#### TASK TO CARRY OUT
Your answer should consist of all lines in the listing that hold the word "with".

#### SOURCE INFORMATION

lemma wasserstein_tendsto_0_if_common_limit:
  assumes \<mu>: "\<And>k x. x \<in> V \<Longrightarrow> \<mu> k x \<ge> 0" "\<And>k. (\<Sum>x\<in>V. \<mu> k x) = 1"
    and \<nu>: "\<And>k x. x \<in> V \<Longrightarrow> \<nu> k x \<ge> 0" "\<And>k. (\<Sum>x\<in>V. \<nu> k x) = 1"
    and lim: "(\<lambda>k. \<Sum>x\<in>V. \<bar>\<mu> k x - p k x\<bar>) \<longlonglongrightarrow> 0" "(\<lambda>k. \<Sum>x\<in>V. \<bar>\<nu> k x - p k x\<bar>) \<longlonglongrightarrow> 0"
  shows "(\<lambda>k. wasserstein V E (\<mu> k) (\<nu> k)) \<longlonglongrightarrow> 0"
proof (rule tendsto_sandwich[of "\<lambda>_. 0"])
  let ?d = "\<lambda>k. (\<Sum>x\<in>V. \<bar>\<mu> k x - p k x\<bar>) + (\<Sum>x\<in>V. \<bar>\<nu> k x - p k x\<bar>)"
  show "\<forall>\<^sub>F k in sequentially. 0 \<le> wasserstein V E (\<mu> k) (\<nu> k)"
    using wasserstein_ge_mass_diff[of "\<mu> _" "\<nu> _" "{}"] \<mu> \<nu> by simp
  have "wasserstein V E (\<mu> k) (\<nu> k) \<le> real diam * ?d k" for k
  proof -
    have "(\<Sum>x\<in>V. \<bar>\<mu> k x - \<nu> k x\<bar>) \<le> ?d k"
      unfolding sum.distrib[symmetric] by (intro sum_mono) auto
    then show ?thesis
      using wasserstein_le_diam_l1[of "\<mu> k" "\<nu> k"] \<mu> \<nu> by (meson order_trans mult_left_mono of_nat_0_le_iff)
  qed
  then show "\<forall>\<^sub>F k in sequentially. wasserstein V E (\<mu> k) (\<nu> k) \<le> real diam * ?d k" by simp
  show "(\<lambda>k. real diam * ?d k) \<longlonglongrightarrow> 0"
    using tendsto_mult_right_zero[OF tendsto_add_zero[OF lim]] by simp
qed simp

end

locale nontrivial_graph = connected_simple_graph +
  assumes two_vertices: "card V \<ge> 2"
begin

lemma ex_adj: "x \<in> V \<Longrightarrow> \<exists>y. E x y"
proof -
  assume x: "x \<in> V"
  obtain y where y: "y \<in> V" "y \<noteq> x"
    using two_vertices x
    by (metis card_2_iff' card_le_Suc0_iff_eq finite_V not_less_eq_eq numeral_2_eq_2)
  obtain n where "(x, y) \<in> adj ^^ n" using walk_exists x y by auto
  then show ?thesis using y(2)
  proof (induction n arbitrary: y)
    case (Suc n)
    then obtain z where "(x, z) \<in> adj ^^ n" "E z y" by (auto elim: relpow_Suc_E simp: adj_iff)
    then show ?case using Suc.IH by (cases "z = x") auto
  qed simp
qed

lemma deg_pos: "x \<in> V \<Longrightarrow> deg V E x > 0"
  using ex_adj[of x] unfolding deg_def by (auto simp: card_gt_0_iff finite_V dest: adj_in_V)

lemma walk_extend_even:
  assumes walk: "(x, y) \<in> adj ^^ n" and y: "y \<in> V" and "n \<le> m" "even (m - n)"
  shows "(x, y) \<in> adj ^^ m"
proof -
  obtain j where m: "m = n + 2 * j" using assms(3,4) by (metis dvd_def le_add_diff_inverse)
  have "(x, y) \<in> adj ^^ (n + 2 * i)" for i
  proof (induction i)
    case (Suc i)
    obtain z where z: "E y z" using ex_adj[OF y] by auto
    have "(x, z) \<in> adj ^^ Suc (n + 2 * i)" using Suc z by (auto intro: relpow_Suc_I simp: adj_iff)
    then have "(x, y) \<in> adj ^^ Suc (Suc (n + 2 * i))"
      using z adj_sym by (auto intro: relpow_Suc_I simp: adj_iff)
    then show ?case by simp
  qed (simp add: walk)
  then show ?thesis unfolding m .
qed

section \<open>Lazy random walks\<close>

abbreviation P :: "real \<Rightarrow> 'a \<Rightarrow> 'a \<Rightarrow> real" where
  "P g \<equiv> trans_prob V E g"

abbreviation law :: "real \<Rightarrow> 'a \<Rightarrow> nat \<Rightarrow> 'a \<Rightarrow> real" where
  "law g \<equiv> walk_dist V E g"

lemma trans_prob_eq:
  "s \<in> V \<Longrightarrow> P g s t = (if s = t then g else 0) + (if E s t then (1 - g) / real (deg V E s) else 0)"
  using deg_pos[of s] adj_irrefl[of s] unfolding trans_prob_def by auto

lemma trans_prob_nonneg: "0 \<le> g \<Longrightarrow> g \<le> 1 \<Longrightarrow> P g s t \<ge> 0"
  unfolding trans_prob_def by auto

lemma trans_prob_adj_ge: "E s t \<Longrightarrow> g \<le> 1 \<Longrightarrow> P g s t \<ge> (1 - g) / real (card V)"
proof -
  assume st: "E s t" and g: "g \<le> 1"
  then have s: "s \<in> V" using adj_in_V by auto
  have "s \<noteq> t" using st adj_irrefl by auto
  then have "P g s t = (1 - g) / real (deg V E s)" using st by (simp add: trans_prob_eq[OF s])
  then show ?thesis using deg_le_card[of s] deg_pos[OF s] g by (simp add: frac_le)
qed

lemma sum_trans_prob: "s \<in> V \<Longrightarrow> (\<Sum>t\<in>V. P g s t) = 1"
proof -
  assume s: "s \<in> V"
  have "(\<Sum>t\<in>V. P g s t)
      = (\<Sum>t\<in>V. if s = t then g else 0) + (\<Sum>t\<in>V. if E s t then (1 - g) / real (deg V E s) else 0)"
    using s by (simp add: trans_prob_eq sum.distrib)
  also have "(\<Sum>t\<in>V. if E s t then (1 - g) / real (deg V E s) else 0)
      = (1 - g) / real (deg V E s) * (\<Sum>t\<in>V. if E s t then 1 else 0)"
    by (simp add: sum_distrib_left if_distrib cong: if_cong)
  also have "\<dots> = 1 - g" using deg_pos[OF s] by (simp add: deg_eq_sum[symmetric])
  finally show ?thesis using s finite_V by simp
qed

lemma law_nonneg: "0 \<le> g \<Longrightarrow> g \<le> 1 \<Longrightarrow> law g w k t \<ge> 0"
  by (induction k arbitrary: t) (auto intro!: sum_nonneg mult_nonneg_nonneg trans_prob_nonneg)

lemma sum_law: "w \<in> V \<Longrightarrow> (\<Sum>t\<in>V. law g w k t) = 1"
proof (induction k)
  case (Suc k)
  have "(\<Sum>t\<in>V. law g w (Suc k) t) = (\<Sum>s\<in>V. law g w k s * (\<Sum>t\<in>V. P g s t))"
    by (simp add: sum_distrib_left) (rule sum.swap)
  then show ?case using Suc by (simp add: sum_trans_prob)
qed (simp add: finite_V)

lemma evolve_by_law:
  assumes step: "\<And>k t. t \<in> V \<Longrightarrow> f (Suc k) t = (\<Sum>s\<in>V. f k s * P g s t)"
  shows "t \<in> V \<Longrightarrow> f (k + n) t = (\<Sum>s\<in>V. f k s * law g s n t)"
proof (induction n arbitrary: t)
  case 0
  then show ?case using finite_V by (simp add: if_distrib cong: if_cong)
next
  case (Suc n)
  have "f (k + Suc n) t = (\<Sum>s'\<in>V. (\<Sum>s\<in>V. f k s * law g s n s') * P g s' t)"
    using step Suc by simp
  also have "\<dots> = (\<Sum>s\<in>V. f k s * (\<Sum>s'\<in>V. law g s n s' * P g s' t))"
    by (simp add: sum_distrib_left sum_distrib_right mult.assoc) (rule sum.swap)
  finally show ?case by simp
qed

--

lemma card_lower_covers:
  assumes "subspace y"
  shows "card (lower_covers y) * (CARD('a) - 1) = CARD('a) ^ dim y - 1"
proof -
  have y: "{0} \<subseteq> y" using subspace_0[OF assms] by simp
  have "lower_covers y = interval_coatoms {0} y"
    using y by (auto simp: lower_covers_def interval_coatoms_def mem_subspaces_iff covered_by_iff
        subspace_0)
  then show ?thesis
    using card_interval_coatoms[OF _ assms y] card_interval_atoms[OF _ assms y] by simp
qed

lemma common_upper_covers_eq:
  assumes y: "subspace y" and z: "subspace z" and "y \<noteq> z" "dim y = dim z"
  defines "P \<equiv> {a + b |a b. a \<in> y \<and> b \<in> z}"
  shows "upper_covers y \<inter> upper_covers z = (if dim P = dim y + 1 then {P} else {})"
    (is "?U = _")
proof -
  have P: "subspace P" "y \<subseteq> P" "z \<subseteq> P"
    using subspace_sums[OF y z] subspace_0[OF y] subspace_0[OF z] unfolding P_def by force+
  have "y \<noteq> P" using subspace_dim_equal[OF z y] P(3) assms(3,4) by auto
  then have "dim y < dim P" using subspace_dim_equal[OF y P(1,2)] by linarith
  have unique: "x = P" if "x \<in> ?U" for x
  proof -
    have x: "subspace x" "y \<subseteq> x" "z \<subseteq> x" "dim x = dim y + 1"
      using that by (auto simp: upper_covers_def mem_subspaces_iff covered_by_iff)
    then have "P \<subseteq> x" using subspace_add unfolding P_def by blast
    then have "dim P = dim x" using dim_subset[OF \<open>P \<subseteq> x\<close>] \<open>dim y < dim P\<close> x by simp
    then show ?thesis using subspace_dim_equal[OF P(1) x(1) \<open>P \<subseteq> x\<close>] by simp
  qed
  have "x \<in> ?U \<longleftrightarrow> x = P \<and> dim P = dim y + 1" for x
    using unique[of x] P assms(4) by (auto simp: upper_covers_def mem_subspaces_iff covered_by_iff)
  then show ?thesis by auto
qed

* * *

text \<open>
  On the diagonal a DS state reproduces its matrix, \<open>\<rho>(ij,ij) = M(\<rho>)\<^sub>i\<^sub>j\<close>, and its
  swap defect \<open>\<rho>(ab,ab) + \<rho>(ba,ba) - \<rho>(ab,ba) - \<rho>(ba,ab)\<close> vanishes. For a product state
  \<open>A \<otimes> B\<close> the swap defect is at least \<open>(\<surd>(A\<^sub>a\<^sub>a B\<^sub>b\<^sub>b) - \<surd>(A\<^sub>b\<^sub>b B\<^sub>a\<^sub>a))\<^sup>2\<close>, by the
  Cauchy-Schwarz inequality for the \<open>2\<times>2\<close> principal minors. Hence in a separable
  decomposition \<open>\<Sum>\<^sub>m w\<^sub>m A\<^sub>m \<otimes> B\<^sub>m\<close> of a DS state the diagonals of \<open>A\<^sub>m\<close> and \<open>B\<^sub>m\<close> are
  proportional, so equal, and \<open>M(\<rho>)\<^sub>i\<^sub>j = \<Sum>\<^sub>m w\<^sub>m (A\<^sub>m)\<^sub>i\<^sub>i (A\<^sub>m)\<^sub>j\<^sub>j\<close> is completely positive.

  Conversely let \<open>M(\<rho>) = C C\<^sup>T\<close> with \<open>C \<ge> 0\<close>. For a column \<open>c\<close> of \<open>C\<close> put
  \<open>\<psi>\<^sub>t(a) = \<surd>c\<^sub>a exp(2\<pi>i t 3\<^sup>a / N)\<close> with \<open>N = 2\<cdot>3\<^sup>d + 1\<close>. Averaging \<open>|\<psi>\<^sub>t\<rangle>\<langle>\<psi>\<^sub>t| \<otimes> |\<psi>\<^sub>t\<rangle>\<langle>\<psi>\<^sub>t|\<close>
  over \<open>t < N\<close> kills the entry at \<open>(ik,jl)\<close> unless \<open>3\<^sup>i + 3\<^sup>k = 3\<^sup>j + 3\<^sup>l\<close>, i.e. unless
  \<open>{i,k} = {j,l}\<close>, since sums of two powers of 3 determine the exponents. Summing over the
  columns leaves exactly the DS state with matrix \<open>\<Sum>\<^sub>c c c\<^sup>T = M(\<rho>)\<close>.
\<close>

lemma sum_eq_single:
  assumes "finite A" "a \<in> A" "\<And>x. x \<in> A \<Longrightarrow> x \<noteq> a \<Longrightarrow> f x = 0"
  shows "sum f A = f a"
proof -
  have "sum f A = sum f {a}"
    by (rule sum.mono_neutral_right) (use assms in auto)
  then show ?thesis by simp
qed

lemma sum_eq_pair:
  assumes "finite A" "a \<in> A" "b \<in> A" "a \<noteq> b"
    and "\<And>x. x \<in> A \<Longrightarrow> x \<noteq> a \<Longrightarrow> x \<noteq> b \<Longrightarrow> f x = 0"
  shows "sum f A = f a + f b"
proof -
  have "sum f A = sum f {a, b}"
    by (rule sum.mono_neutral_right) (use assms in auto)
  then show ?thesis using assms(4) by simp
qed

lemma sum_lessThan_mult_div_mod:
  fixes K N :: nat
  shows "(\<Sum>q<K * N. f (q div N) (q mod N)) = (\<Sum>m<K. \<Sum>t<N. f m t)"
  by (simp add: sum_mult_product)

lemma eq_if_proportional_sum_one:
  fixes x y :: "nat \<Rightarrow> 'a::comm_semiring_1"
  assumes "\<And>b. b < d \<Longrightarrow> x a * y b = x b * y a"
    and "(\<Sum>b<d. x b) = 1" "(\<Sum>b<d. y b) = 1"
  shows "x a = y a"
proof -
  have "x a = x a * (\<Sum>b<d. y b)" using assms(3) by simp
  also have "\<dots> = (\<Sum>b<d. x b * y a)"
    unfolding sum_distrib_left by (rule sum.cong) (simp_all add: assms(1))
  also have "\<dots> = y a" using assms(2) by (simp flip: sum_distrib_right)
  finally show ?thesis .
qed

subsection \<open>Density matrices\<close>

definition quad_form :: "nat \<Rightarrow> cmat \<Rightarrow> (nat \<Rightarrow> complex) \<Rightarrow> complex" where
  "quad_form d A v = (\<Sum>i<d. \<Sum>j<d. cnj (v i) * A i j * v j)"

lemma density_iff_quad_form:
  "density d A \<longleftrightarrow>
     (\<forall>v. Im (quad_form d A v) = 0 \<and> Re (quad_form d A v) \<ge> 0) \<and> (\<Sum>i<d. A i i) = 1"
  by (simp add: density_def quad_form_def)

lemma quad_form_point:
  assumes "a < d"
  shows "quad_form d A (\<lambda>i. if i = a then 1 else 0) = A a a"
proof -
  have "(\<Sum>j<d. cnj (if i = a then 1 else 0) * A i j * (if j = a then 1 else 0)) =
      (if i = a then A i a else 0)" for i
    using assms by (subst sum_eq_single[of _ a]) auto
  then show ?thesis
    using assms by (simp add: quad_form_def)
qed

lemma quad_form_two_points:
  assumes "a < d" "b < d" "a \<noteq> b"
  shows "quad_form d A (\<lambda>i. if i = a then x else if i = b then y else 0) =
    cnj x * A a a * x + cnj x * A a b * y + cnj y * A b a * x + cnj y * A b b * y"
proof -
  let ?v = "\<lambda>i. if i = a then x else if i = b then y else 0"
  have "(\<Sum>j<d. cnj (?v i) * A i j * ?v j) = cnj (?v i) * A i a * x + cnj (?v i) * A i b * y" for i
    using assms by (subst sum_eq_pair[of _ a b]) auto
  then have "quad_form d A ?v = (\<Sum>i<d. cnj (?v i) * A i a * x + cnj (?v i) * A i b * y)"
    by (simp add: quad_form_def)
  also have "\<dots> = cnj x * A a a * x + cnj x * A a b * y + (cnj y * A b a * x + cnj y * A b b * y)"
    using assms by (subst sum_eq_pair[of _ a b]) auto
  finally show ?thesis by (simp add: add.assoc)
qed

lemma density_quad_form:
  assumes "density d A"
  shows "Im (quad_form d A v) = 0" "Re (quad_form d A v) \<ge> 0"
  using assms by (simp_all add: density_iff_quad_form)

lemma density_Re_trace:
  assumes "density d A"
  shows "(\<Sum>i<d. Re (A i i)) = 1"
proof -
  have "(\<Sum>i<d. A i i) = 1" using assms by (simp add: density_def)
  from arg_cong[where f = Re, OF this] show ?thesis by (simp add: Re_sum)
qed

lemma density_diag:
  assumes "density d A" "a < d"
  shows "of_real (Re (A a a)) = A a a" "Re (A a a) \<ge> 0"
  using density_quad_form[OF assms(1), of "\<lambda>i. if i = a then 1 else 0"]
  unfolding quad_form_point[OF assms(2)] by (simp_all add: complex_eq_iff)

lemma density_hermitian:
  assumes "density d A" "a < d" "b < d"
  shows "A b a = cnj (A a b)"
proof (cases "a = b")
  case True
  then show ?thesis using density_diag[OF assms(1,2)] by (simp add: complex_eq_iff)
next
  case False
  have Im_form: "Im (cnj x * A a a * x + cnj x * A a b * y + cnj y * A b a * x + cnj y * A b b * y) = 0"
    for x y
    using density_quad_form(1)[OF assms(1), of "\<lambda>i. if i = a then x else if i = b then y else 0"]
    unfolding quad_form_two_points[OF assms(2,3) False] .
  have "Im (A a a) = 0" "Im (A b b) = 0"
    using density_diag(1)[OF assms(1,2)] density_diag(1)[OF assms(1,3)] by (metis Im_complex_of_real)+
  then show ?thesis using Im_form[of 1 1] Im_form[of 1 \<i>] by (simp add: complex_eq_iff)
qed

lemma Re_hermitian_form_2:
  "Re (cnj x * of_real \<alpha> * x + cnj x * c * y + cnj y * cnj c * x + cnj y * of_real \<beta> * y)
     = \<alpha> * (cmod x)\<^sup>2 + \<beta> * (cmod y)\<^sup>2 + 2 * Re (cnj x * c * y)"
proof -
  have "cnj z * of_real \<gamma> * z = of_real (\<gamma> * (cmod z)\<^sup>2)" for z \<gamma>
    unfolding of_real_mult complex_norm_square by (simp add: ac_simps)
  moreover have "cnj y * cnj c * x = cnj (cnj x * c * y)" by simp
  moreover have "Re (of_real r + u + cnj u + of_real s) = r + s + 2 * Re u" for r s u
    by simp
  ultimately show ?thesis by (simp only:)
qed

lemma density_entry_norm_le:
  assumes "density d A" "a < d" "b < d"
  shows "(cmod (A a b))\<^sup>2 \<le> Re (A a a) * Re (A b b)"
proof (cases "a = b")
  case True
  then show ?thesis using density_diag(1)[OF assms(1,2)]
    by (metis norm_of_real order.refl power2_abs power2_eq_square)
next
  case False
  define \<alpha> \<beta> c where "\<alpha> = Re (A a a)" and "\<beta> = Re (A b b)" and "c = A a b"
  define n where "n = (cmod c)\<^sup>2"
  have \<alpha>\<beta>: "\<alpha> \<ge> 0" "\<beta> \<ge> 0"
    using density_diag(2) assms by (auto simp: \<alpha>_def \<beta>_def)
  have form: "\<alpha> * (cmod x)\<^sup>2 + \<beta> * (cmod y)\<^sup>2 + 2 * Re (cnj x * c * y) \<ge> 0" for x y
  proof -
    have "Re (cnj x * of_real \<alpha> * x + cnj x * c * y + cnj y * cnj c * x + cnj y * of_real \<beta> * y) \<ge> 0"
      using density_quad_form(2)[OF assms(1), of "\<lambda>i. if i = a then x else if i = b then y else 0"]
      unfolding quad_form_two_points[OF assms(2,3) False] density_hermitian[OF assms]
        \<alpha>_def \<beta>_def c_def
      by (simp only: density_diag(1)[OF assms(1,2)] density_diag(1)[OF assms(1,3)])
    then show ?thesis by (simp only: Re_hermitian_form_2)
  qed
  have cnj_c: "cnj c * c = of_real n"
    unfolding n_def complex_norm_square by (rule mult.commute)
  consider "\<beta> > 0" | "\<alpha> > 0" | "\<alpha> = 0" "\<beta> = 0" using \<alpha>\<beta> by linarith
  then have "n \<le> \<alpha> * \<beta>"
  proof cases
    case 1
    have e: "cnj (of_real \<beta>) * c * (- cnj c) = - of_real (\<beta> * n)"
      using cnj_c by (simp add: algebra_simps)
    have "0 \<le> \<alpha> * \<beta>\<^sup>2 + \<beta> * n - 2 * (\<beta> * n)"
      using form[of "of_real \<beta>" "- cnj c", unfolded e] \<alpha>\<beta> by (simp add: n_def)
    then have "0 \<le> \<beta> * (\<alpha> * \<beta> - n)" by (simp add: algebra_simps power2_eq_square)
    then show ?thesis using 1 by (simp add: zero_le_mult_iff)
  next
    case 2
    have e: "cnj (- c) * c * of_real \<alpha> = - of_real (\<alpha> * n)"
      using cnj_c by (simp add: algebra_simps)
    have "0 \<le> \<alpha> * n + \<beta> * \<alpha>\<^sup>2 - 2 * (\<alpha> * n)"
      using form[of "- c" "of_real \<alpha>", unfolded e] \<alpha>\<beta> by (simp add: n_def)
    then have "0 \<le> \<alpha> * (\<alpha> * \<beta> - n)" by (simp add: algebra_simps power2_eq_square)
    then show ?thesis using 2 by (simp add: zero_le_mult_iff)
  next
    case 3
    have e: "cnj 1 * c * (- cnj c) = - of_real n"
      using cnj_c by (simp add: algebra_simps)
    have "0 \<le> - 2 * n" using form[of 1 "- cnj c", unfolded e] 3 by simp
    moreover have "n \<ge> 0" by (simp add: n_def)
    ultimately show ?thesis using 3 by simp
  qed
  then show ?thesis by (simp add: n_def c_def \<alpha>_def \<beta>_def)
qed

#### COMPLETED TASK
  Conversely let \<open>M(\<rho>) = C C\<^sup>T\<close> with \<open>C \<ge> 0\<close>. For a column \<open>c\<close> of \<open>C\<close> put
  \<open>\<psi>\<^sub>t(a) = \<surd>c\<^sub>a exp(2\<pi>i t 3\<^sup>a / N)\<close> with \<open>N = 2\<cdot>3\<^sup>d + 1\<close>. Averaging \<open>|\<psi>\<^sub>t\<rangle>\<langle>\<psi>\<^sub>t| \<otimes> |\<psi>\<^sub>t\<rangle>\<langle>\<psi>\<^sub>t|\<close>
  columns leaves exactly the DS state with matrix \<open>\<Sum>\<^sub>c c c\<^sup>T = M(\<rho>)\<close>.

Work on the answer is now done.